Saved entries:
# # # #

text \<open>Class U(lambda).  The bound is imposed on the punctured disk, since at
  z = 0 the (continuously extended) value of U_f is 0 < lambda.\<close>
definition classU :: "real \<Rightarrow> (complex \<Rightarrow> complex) set" where
  "classU lam = {f. f \<in> classA \<and> (\<forall>z\<in>unit_disk - {0}. f z \<noteq> 0)
      \<and> (\<forall>z\<in>unit_disk - {0}. cmod (U_op f z) < lam)}"

end

theory Submission
  imports Defs "HOL-Complex_Analysis.Complex_Analysis"
begin

text \<open>Write \<open>z / f z = 1 + G z\<close> with \<open>G 0 = 0\<close>. Then \<open>U_f = G - z G'\<close>, and the function \<open>F\<close>
  with \<open>z / F z = 1 + z V z\<close>, where \<open>G z + G (-z) = 2 z\<^sup>2 V (z\<^sup>2)\<close>, has \<open>U_F z = - z\<^sup>2 V' z\<close>.
  Differentiating the even-part identity shows that \<open>u (V u + 2 u V' u)\<close> is the mean of
  \<open>z G' z - G z\<close> over the two square roots \<open>\<plusminus>z\<close> of \<open>u\<close>, so it is bounded by \<open>\<lambda>\<close>; Schwarz's
  lemma removes the factor \<open>u\<close>. Since \<open>\<zeta> \<mapsto> \<zeta> V (\<zeta>\<^sup>2 w)\<close> has derivative \<open>V u + 2 u V' u\<close> at
  \<open>u = \<zeta>\<^sup>2 w\<close>, the mean value inequality on \<open>[0, 1]\<close> gives \<open>|V w| \<le> \<lambda>\<close>, hence \<open>|w V' w| \<le> \<lambda>\<close>
  and \<open>|U_F z| \<le> |z| \<lambda> < \<lambda>\<close>.\<close>

lemma powser_holomorphic_on_ball:
  fixes c :: "nat \<Rightarrow> complex"
  assumes "\<And>z. z \<in> ball 0 r \<Longrightarrow> summable (\<lambda>n. c n * z ^ n)"
  shows "(\<lambda>z. \<Sum>n. c n * z ^ n) holomorphic_on ball 0 r"
proof -
  have "((\<lambda>z. \<Sum>n. c n * z ^ n) has_field_derivative (\<Sum>n. diffs c n * z ^ n)) (at z)"
    if "z \<in> ball 0 r" for z
  proof -
    have z: "norm z < r"
      using that by simp
    define k where "k = (r + norm z) / 2"
    define K where "K = complex_of_real k"
    have "k > 0"
      using z norm_ge_zero[of z] unfolding k_def by argo
    then have "norm K = k"
      unfolding K_def by simp
    then have "norm z < norm K" "norm K < r"
      using z by (simp_all add: k_def)
    then show ?thesis
      using termdiffs_strong[of c K z] assms by simp
  qed
  then show ?thesis
    unfolding holomorphic_on_open[OF open_ball] by blast
qed

lemma sums_even_part:
  fixes c :: "nat \<Rightarrow> 'a::real_normed_field"
  assumes "(\<lambda>n. c n * z ^ n) sums s" and "(\<lambda>n. c n * (- z) ^ n) sums t"
  shows "(\<lambda>n. 2 * c (2 * n) * (z ^ 2) ^ n) sums (s + t)"
proof -
  define d where "d n = c n * z ^ n + c n * (- z) ^ n" for n
  have "d sums (s + t)"
    unfolding d_def using sums_add[OF assms] .
  moreover have "d n = 0" if "n \<notin> range (\<lambda>m. 2 * m)" for n
  proof -
    have "odd n"
      using that by (metis evenE rangeI)
    then show ?thesis
      by (simp add: d_def)
  qed
  ultimately have "(\<lambda>m. d (2 * m)) sums (s + t)"
    using sums_mono_reindex[of "\<lambda>m. 2 * m" d] by (simp add: strict_mono_def)
  then show ?thesis
    by (simp add: d_def power_mult mult.assoc)
qed

lemma powser_even_part:
  fixes a :: "nat \<Rightarrow> complex"
  assumes summable: "\<And>z. z \<in> unit_disk \<Longrightarrow> summable (\<lambda>n. a n * z ^ n)" and "a 0 = 0"
  defines "G \<equiv> \<lambda>z. \<Sum>n. a n * z ^ n" and "V \<equiv> \<lambda>w. \<Sum>n. a (2 * Suc n) * w ^ n"
  shows "\<And>w. w \<in> unit_disk \<Longrightarrow> (\<lambda>n. a (2 * Suc n) * w ^ n) sums V w"
    and "\<And>z. z \<in> unit_disk \<Longrightarrow> G z + G (- z) = 2 * z ^ 2 * V (z ^ 2)"
proof -
  have even: "(\<lambda>n. 2 * a (2 * Suc n) * (z ^ 2) ^ Suc n) sums (G z + G (- z))"
    if "z \<in> unit_disk" for z
  proof -
    have "(\<lambda>n. 2 * a (2 * n) * (z ^ 2) ^ n) sums (G z + G (- z))"
      unfolding G_def using that
      by (intro sums_even_part summable_sums summable) simp_all
    then show ?thesis
      using \<open>a 0 = 0\<close> by (subst sums_Suc_iff) simp
  qed
  show V_sums: "(\<lambda>n. a (2 * Suc n) * w ^ n) sums V w" if "w \<in> unit_disk" for w
  proof (cases "w = 0")
    case True
    then show ?thesis
      unfolding V_def using powser_sums_zero[of "\<lambda>n. a (2 * Suc n)"] by simp
  next
    case False
    have "csqrt w \<in> unit_disk"
      using that by simp
    then have "summable (\<lambda>n. 2 * a (2 * Suc n) * w ^ Suc n)"
      using even[of "csqrt w"] by (auto simp: sums_iff)
    then have "summable (\<lambda>n. (2 * a (2 * Suc n) * w ^ Suc n) / (2 * w))"
      by (rule summable_divide)
    then show ?thesis
      unfolding V_def using False by (simp add: summable_sums)
  qed
  show "G z + G (- z) = 2 * z ^ 2 * V (z ^ 2)" if "z \<in> unit_disk" for z
  proof -
    have "z ^ 2 \<in> unit_disk"
      using that by (simp add: norm_power power_less_one_iff)
    then have "(\<lambda>n. 2 * z ^ 2 * (a (2 * Suc n) * (z ^ 2) ^ n)) sums (2 * z ^ 2 * V (z ^ 2))"
      using V_sums sums_mult by blast
    then have "(\<lambda>n. 2 * a (2 * Suc n) * (z ^ 2) ^ Suc n) sums (2 * z ^ 2 * V (z ^ 2))"
      by (simp add: algebra_simps)
    then show ?thesis
      using even[OF that] sums_unique2 by blast
  qed
qed

lemma U_op_reciprocal_form:
  assumes "open S" "z \<in> S" "z \<noteq> 0"
    and G: "(G has_field_derivative G') (at z)" and nz: "1 + G z \<noteq> 0"
    and f: "\<And>x. x \<in> S \<Longrightarrow> f x = x / (1 + G x)"
  shows "U_op f z = G z - z * G'"
proof -
  have "((\<lambda>x. x / (1 + G x)) has_field_derivative (1 + G z - z * G') / (1 + G z) ^ 2) (at z)"
    using G nz by (auto intro!: derivative_eq_intros simp: power2_eq_square)
  then have "(f has_field_derivative (1 + G z - z * G') / (1 + G z) ^ 2) (at z)"
    using \<open>open S\<close> \<open>z \<in> S\<close> f[symmetric] by (rule has_field_derivative_transform_within_open)
  then have "deriv f z = (1 + G z - z * G') / (1 + G z) ^ 2"
    by (rule DERIV_imp_deriv)
  moreover have "z / f z = 1 + G z"
    using f[OF \<open>z \<in> S\<close>] \<open>z \<noteq> 0\<close> nz by simp
  ultimately show ?thesis
    unfolding U_op_def using nz by simp
qed

lemma classU_reciprocal_bound:
  assumes "f \<in> classU lam" and G: "G holomorphic_on unit_disk"
    and f: "\<And>z. z \<in> unit_disk - {0} \<Longrightarrow> z / f z = 1 + G z"
    and z: "z \<in> unit_disk - {0}"
  shows "norm (z * deriv G z - G z) < lam"
proof -
  have fz: "1 + G x \<noteq> 0" "f x = x / (1 + G x)" if "x \<in> unit_disk - {0}" for x
  proof -
    have "f x \<noteq> 0"
      using that \<open>f \<in> classU lam\<close> by (simp add: classU_def)
    with f[OF that] that show "1 + G x \<noteq> 0"
      by auto
    have "f x = x / (x / f x)"
      using that \<open>f x \<noteq> 0\<close> by simp
    with f[OF that] show "f x = x / (1 + G x)"
      by simp
  qed
  have "U_op f z = G z - z * deriv G z"
    using z fz holomorphic_derivI[OF G open_ball, of z UNIV]
    by (intro U_op_reciprocal_form[where S = "unit_disk - {0}"]) auto
  moreover have "norm (U_op f z) < lam"
    using \<open>f \<in> classU lam\<close> z by (simp add: classU_def)
  ultimately show ?thesis
    by (simp add: norm_minus_commute)
qed

lemma reciprocal_in_classU:
  assumes H: "H holomorphic_on unit_disk" and "H 0 = 0"
    and H_small: "\<And>z. z \<in> unit_disk \<Longrightarrow> norm (H z) < 1"
    and bound: "\<And>z. z \<in> unit_disk - {0} \<Longrightarrow> norm (H z - z * deriv H z) < lam"
  shows "(\<lambda>z. z / (1 + H z)) \<in> classU lam"
proof -
  let ?F = "\<lambda>z. z / (1 + H z)"
  have nz: "1 + H z \<noteq> 0" if "z \<in> unit_disk" for z
  proof
    assume "1 + H z = 0"
    then have "H z = -1"
      by (simp add: add_eq_0_iff)
    then show False
      using H_small[OF that] by simp
  qed
  have F'0: "(?F has_field_derivative 1) (at 0)"
    using holomorphic_derivI[OF H open_ball, of 0 UNIV] \<open>H 0 = 0\<close>
    by (auto intro!: derivative_eq_intros)
  have "?F holomorphic_on unit_disk"
    using H nz by (intro holomorphic_intros) auto
  moreover have "deriv ?F 0 = 1"
    using F'0 by (rule DERIV_imp_deriv)
  moreover have "U_op ?F z = H z - z * deriv H z" if "z \<in> unit_disk - {0}" for z
    using that nz by (intro U_op_reciprocal_form[where S = unit_disk] holomorphic_derivI[OF H]) auto
  ultimately show ?thesis
    using bound nz by (auto simp: classU_def classA_def)
qed
lemma rew_opt_to_pMDP:
  assumes gp: "graph_preserving M val" and v: "v \<in> vertices M"
  shows "rew_opt N val (embV v) = rew_opt M val v / of_rat (weight M tn)"
proof -
  let ?c = "of_rat (weight M tn) :: real"
  let ?R = "(\<lambda>\<sigma>. rew M \<sigma> val v) ` strategies M"
  have lower: "rew N \<sigma>' val (embV v) = rew M (lower_strategy \<sigma>') val v / ?c"
    if "\<sigma>' \<in> strategies N" for \<sigma>'
    using rew_to_pMDP[OF gp lower_strategy_in_strategies that] strategy_to_pMDP_nontarget(1) that v
    by blast
  have lift: "rew N (lift_strategy \<sigma>) val (embV v) = rew M \<sigma> val v / ?c"
    if "\<sigma> \<in> strategies M" for \<sigma>
    using rew_to_pMDP[OF gp that lift_strategy_in_strategies[OF that]] v
    by (simp add: lift_strategy_def)
  have "(\<lambda>\<sigma>'. rew N \<sigma>' val (embV v)) ` strategies N = (\<lambda>x. x / ?c) ` ?R"
  proof (intro equalityI subsetI)
    fix x
    assume "x \<in> (\<lambda>\<sigma>'. rew N \<sigma>' val (embV v)) ` strategies N"
    then obtain \<sigma>' where "\<sigma>' \<in> strategies N" and "x = rew N \<sigma>' val (embV v)"
      by blast
    then show "x \<in> (\<lambda>x. x / ?c) ` ?R"
      using lower lower_strategy_in_strategies by blast
  next
    fix x
    assume "x \<in> (\<lambda>x. x / ?c) ` ?R"
    then obtain \<sigma> where "\<sigma> \<in> strategies M" and "x = rew M \<sigma> val v / ?c"
      by blast
    then show "x \<in> (\<lambda>\<sigma>'. rew N \<sigma>' val (embV v)) ` strategies N"
      using lift lift_strategy_in_strategies by (metis image_eqI)
  qed
  moreover have "Sup ((\<lambda>x. x / ?c) ` ?R) = Sup ?R / ?c"
  proof (rule continuous_at_Sup_mono[symmetric])
    show "mono (\<lambda>x. x / ?c)"
      using weight_tn_pos by (intro monoI divide_right_mono) auto
    show "continuous (at_left (Sup ?R)) (\<lambda>x. x / ?c)"
      using weight_tn_pos by (intro continuous_intros) auto
    show "?R \<noteq> {}"
      using strategies_nonempty[OF wf] by simp
    show "bdd_above ?R"
      using rew_le_sum_abs_weight[OF gp _ finite_states v] by (intro bdd_aboveI2)
  qed
  ultimately show ?thesis
    by (simp add: rew_opt_def image_image)
qed
(* Let $A$ and $B$ be automata and let $(b,n)$ be a normed backward simulation from $A$ to $B$. Then (1) $[A,B]\in b$, i.e., every finite execution of $A$ is $b$-related to some finite execution of $B$; (2) if moreover $b$ is image-finite (i.e., $b[s]$ is finite for every $s\in\mathrm{states}(A)$), then $(A,B)\in b$, i.e., every execution of $A$ is $b$-related to some execution of $B$.
   Context: An automaton $A$ consists of a set $\mathrm{states}(A)$ of states, a nonempty set $\mathrm{start}(A)\subseteq\mathrm{states}(A)$ of start states, a set $\mathrm{acts}(A)$ of actions containing a distinguished internal action $\tau$, and a set $\mathrm{steps}(A)\subseteq\mathrm{states}(A)\times\mathrm{acts}(A)\times\mathrm{states}(A)$ of steps; write $s\xrightarrow{a}_A t$ for $(s,a,t)\in\mathrm{steps}(A)$. An execution fragment of $A$ is a finite or infinite alternating sequence $s_0a_1s_1a_2s_2\cdots$ of states and actions, beginning with a state and, if finite, ending with a state, such that $s_{i-1}\xrightarrow{a_i}_A s_i$ for all $i>0$; its index set $\mathrm{Index}(\alpha)$ is the set of indices $i$ of its states $s_i$. An execution is an execution fragment whose first state is a start state. For a relation $R$ write $R[s]=\{u\mid (s,u)\in R\}$. Execution correspondence: Let $R\subseteq\mathrm{states}(A)\times\mathrm{states}(B)$ and let $\alpha=s_0a_1s_1\cdots$ and $\alpha'=u_0b_1u_1\cdots$ be execution fragments of $A$ and $B$. An index relation over $R$ between $\alpha$ and $\alpha'$ is a relation $I\subseteq\mathrm{Index}(\alpha)\times\mathrm{Index}(\alpha')$ such that (1) $(i,j)\in I$ implies $(s_i,u_j)\in R$; (2) $(i,j)\in I$, $(i',j')\in I$ and $i<i'$ imply $j\le j'$; (3) every index of $\alpha$ is related by $I$ to some index of $\alpha'$ and every index of $\alpha'$ is related by $I$ to some index of $\alpha$; (4) if $(i,j),(i+1,j+1)\in I$ then $a_{i+1}=b_{j+1}$; if $(i,j),(i+1,j)\in I$ then $a_{i+1}=\tau$; if $(i,j),(i,j+1)\in I$ then $b_{j+1}=\tau$. The fragments $\alpha,\alpha'$ are $R$-related, written $(\alpha,\alpha')\in R$, if such an $I$ exists. Write $(A,B)\in R$ if every execution of $A$ is $R$-related to some execution of $B$, and $[A,B]\in R$ if every finite execution of $A$ is $R$-related to some finite execution of $B$. A normed backward simulation from $A$ to $B$ is a pair $(b,n)$ where $b\subseteq\mathrm{states}(A)\times\mathrm{states}(B)$ is total (every $s\in\mathrm{states}(A)$ has $b[s]\neq\emptyset$) and $n:(\mathrm{steps}(A)\cup\mathrm{start}(A))\times\mathrm{states}(B)\to S$ for some set $S$ with a well-founded strict order $<$, such that: (1) if $s\in\mathrm{start}(A)$ and $u\in b[s]$ then (a) $u\in\mathrm{start}(B)$, or (b) there is $v\in b[s]$ with $v\xrightarrow{\tau}_B u$ and $n(s,v)<n(s,u)$; (2) if $t\xrightarrow{a}_A s$ and $u\in b[s]$ then (a) $u\in b[t]$ and $a=\tau$, or (b) there is $v\in b[t]$ with $v\xrightarrow{a}_B u$, or (c) there is $v\in b[s]$ with $v\xrightarrow{\tau}_B u$ and $n(t\xrightarrow{a}s,v)<n(t\xrightarrow{a}s,u)$. *)

theory Defs
  imports Main "HOL-Library.Extended_Nat"
begin
lemma exists_unit_orthogonal2:
  fixes p s :: "real^3"
  obtains n where "norm n = 1" "n \<bullet> p = 0" "n \<bullet> s = 0"
proof -
  have "dim {p, s} \<le> card {p, s}" by (rule dim_le_card') simp
  also have "\<dots> \<le> 2" by (simp add: card_insert_le_m1)
  also have "\<dots> < DIM(real^3)" by simp
  finally obtain n where "n \<noteq> 0" and "\<And>y. y \<in> span {p, s} \<Longrightarrow> orthogonal n y"
    using orthogonal_to_subspace_exists by metis
  then have "orthogonal n p" "orthogonal n s" by (simp_all add: span_base)
  with \<open>n \<noteq> 0\<close> show ?thesis
    by (intro that[of "n /\<^sub>R norm n"]) (auto simp: orthogonal_def)
qed

lemma linear_expansion_snd:
  fixes L :: "(real^3) \<times> (real^3) \<times> (real^3) \<Rightarrow> real"
  assumes "linear L"
  shows "L (0, u, w) = (\<Sum>a\<in>UNIV. u$a * L (0, axis a 1, 0)) + (\<Sum>a\<in>UNIV. w$a * L (0, 0, axis a 1))"
proof -
  have coords: "(0, u, w) = (\<Sum>a\<in>UNIV. u$a *\<^sub>R (0, axis a 1, 0)) + (\<Sum>a\<in>UNIV. w$a *\<^sub>R (0, 0, axis a 1))"
    by (simp add: sum_3 vec_eq_iff forall_3 axis_def prod_eq_iff)
  show ?thesis
    by (subst coords, simp only: linear_add[OF assms] linear_sum[OF assms] linear_scale[OF assms]) simp
qed

text \<open>The relation \<open>{J_ab, F_c} = \<delta>_ac F_b - \<delta>_bc F_a\<close> for a translation invariant field,
  where only the momentum and spin parts of \<open>J_ab\<close> contribute.\<close>

definition rotation_covariant :: "(3 \<Rightarrow> (real^3) \<times> (real^3) \<times> (real^3) \<Rightarrow> real) \<Rightarrow> bool" where
  "rotation_covariant F \<longleftrightarrow> (\<forall>a b c x p s. norm s = 1 \<longrightarrow>
      p$b * pd (F c) (x, p, s) (0, axis a 1, 0) - p$a * pd (F c) (x, p, s) (0, axis b 1, 0)
      + s$b * pd (F c) (x, p, s) (0, 0, axis a 1) - s$a * pd (F c) (x, p, s) (0, 0, axis b 1)
      = (if a = c then F b (x, p, s) else 0) - (if b = c then F a (x, p, s) else 0))"

context
  fixes F :: "3 \<Rightarrow> (real^3) \<times> (real^3) \<times> (real^3) \<Rightarrow> real"
  assumes diff: "\<And>c x p s. norm s = 1 \<Longrightarrow> F c differentiable (at (x, p, s))"
    and covariant: "rotation_covariant F"
begin

lemma covariant_has_derivative_rotate_perp:
  assumes n: "norm n = 1" "n \<bullet> p = 0" "n \<bullet> s = 0" and s: "norm s = 1"
  shows "((\<lambda>t. F c (x, rotate_perp n p t, rotate_perp n s t)) has_derivative
           (\<lambda>d. d * cross3 n (\<chi> b. F b (x, rotate_perp n p t, rotate_perp n s t)) $ c)) (at t)"
proof -
  define z where "z t = (x, rotate_perp n p t, rotate_perp n s t)" for t
  let ?D = "frechet_derivative (F c) (at (z t))"
  have unit: "norm (rotate_perp n s t) = 1"
    using norm_rotate_perp[OF n(1,3)] s by simp
  then have dF: "(F c has_derivative ?D) (at (z t))"
    using diff by (simp add: z_def frechet_derivative_works)
  have "(z has_derivative (\<lambda>d. d *\<^sub>R (0, cross3 n (rotate_perp n p t), cross3 n (rotate_perp n s t)))) (at t)"
    unfolding z_def [abs_def]
    by (auto intro!: derivative_eq_intros rotate_perp_has_derivative n)
  from has_derivative_compose[OF this dF]
  have "((\<lambda>t. F c (z t)) has_derivative
          (\<lambda>d. d * ?D (0, cross3 n (rotate_perp n p t), cross3 n (rotate_perp n s t)))) (at t)"
    by (simp add: o_def linear_scale[OF has_derivative_linear[OF dF]] del: scaleR_Pair)
  moreover have "?D (0, cross3 n (rotate_perp n p t), cross3 n (rotate_perp n s t))
      = (\<Sum>a\<in>UNIV. cross3 n (rotate_perp n p t) $ a * pd (F c) (z t) (0, axis a 1, 0))
      + (\<Sum>a\<in>UNIV. cross3 n (rotate_perp n s t) $ a * pd (F c) (z t) (0, 0, axis a 1))"
    unfolding pd_def by (rule linear_expansion_snd[OF has_derivative_linear[OF dF]])
  also have "\<dots> = cross3 n (\<chi> b. F b (z t)) $ c"
    by (rule infinitesimal_rotation_cross) (use covariant unit in \<open>simp add: z_def rotation_covariant_def\<close>)
  ultimately show ?thesis by (simp add: z_def)
qed

lemma time_even_covariant_orthogonal:
  assumes even: "\<And>c x p s. norm s = 1 \<Longrightarrow> F c (x, -p, -s) = F c (x, p, s)"
    and s: "norm s = 1"
  shows "(\<Sum>c\<in>UNIV. F c (x, p, s) * p$c) = 0"
proof -
  obtain n :: "real^3" where n: "norm n = 1" "n \<bullet> p = 0" "n \<bullet> s = 0"
    by (rule exists_unit_orthogonal2)
  define z where "z t = (x, rotate_perp n p t, rotate_perp n s t)" for t
  define h where "h t = (\<Sum>c\<in>UNIV. F c (z t) * rotate_perp n p t $ c)" for t
  have "DERIV h t :> 0" for t
  proof -
    let ?G = "\<chi> b. F b (z t)" and ?q = "rotate_perp n p t"
    have "(h has_derivative (\<lambda>d. \<Sum>c\<in>UNIV. d * cross3 n ?G $ c * ?q $ c + F c (z t) * (d * cross3 n ?q $ c))) (at t)"
      unfolding h_def [abs_def] z_def
      by (auto intro!: derivative_eq_intros rotate_perp_has_derivative[OF n(1,2)]
          covariant_has_derivative_rotate_perp[OF n s, unfolded z_def] simp: algebra_simps)
    moreover have "(\<Sum>c\<in>UNIV. d * cross3 n ?G $ c * ?q $ c + F c (z t) * (d * cross3 n ?q $ c))
        = d * (cross3 n ?G \<bullet> ?q + ?G \<bullet> cross3 n ?q)" for d
      by (simp add: inner_vec_def sum_distrib_left sum.distrib algebra_simps)
    moreover have "cross3 n ?G \<bullet> ?q + ?G \<bullet> cross3 n ?q = 0"
      by (simp add: cross3_simps)
    ultimately show ?thesis by (simp add: has_field_derivative_def mult_zero_left [abs_def])
  qed
  then have "h pi = h 0" using DERIV_isconst_all by blast
  then have "- (\<Sum>c\<in>UNIV. F c (x, p, s) * p $ c) = (\<Sum>c\<in>UNIV. F c (x, p, s) * p $ c)"
    by (simp add: h_def z_def even[OF s] sum_negf)
  then show ?thesis by linarith
qed

end

lemma pd_P0: "pd (P0 a) z v = snd v $ a"
  by (rule pd_eq_derivative) (auto simp: P0_def [abs_def] intro!: derivative_eq_intros)

lemma pd_J0: "pd (J0 a b) (x, p) (u, v) = u$a * p$b + x$a * v$b - u$b * p$a - x$b * v$a"
proof -
  have "(J0 a b has_derivative (\<lambda>(u, v). u$a * p$b + x$a * v$b - u$b * p$a - x$b * v$a)) (at (x, p))"
    by (auto simp: J0_def [abs_def] fun_eq_iff algebra_simps intro!: derivative_eq_intros)
  then show ?thesis by (simp add: pd_eq_derivative)
qed

lemma pb0_P0: "pb0 (P0 a) g z = - pd g z (axis a 1, 0)"
  using exhaust_3[of a] by (auto simp: pb0_def pd_P0 axis_one_nth sum_3)

lemma pb0_J0:
  "pb0 (J0 a b) g (x, p) = p$b * pd g (x, p) (0, axis a 1) - p$a * pd g (x, p) (0, axis b 1)
     - x$a * pd g (x, p) (axis b 1, 0) + x$b * pd g (x, p) (axis a 1, 0)"
  using exhaust_3[of a] exhaust_3[of b]
  by (auto simp: pb0_def pd_J0 axis_one_nth sum_3 algebra_simps)

lemma has_derivative_sgn_unit:
  fixes s :: "'a::real_inner"
  assumes "norm s = 1"
  shows "(sgn has_derivative (\<lambda>w. w - (s \<bullet> w) *\<^sub>R s)) (at s)"
proof -
  have "s \<noteq> 0" using assms by auto
  then have "((\<lambda>s. inverse (norm s) *\<^sub>R s) has_derivative
     (\<lambda>w. inverse (norm s) *\<^sub>R w + (- (inverse (norm s) * ((w \<bullet> sgn s) * inverse (norm s)))) *\<^sub>R s)) (at s)"
    by (auto intro!: derivative_eq_intros has_derivative_norm)
  moreover have "sgn = (\<lambda>s::'a. inverse (norm s) *\<^sub>R s)"
    by (auto simp: sgn_div_norm fun_eq_iff divide_inverse_commute)
  ultimately show ?thesis using assms by (simp add: sgn_div_norm inner_commute)
qed

lemma pd_PS: "pd (hext (PS a)) z v = fst (snd v) $ a"
  by (rule pd_eq_derivative) (auto simp: hext_def PS_def [abs_def] intro!: derivative_eq_intros)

# # # #

WORK INSTRUCTION:
Filter the entries down to the lines that include the string "also".

WRITTEN ANSWER:
  also have "\<dots> \<le> 2" by (simp add: card_insert_le_m1)
  also have "\<dots> < DIM(real^3)" by simp
  also have "\<dots> = cross3 n (\<chi> b. F b (z t)) $ c"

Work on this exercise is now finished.